The case, narrowly read to say “dont collect unnecessary information principally for marketing” is consistent with the language, purpose and history of the statute. The case read broadly to say “don’t collect ANY information about ANYONE who ultimately makes a credit card purchase unless it is to ship them the product” goes too far. Not that a court CANT go too far, I just dont think the Pineda case stands for that proposition.
You cannot divorce the language of the statute from its purpose and intent. Thus, as I read Pineda, it is not JUST about what information you collect — it is about WHY and what you do with it. The decision is replete with references to the purpose of the statute – to enforce fair information collection and use practices primarily to prevent the collection and use of personal information for improper marketing purposes.
I can come up with dozens of examples of retailers who collect information about credit card customers for what I consider “proper” non-marketing purposes. Warranty, repair, return, rebate, recall, installation, are all examples NOT expressly in the statute. I would argue that these are “special” collections AND that these are not “a condition of a credit card purchase.”

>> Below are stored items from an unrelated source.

(* Let $N\ge1$, $K\ge2$ be integers with $N$ divisible by $K$, put $m=N/K$, and let $\alpha\in[0,1]$. Let $\sigma^A,\sigma^B$ be mixed strategies of $\mathcal{B}_\alpha(N,K)$ such that, for every battlefield $k$, the marginal $\sigma^A_k$ is the uniform distribution on the odd integers $\{1,3,\ldots,2m-1\}$ and the marginal $\sigma^B_k$ is the uniform distribution on the even integers $\{0,2,\ldots,2m\}$. Then $(\sigma^A,\sigma^B)$ is a Nash equilibrium of $\mathcal{B}_\alpha(N,K)$, and each player's expected payoff equals $K/2$.
   Context: Fix integers $N\ge1$, $K\ge2$ and a real number $\alpha$. The Colonel Blotto game $\mathcal{B}_\alpha(N,K)$ is the two-player simultaneous-move game with players $A,B$, each with pure strategy set $S=\{s\in\{0,1,\ldots,N\}^K:\sum_{k=1}^K s_k=N\}$, in which the payoff of player $i$ at the pure profile $(s^i,s^{-i})$ is $\pi^i(s^i,s^{-i})=\sum_{k=1}^K\big(\mathbf 1[s^i_k>s^{-i}_k]+\tfrac{\alpha}{2}\mathbf 1[s^i_k=s^{-i}_k]\big)$. Mixed strategies are probability distributions on $S$, with expected payoffs under independent randomization; a Nash equilibrium is a mixed profile from which no unilateral deviation raises a player's expected payoff. For a mixed strategy $\sigma$ and battlefield $k$, the marginal $\sigma_k$ is the distribution of $s_k$ when $s\sim\sigma$. *)

theory Defs
  imports "HOL-Probability.Probability"
begin

definition blotto_S :: "nat \<Rightarrow> nat \<Rightarrow> nat list set" where
  "blotto_S N K = {s. length s = K \<and> sum_list s = N}"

Again, trying to make sense of the decision… this is NOT legal advice!
March 8th, 2011 at 2:14 pm
Folks,
I am a consultant, and have worked for the lead counsel in this case in the past, Mr. Gene Stonebarger. As I understand it, this decision does not apply to merchants who are collecting a zip code for use in the AVS-part of a card transaction only, and not attempting to use the zip and/or marry the zip code up with other bits of information to identify the consumer.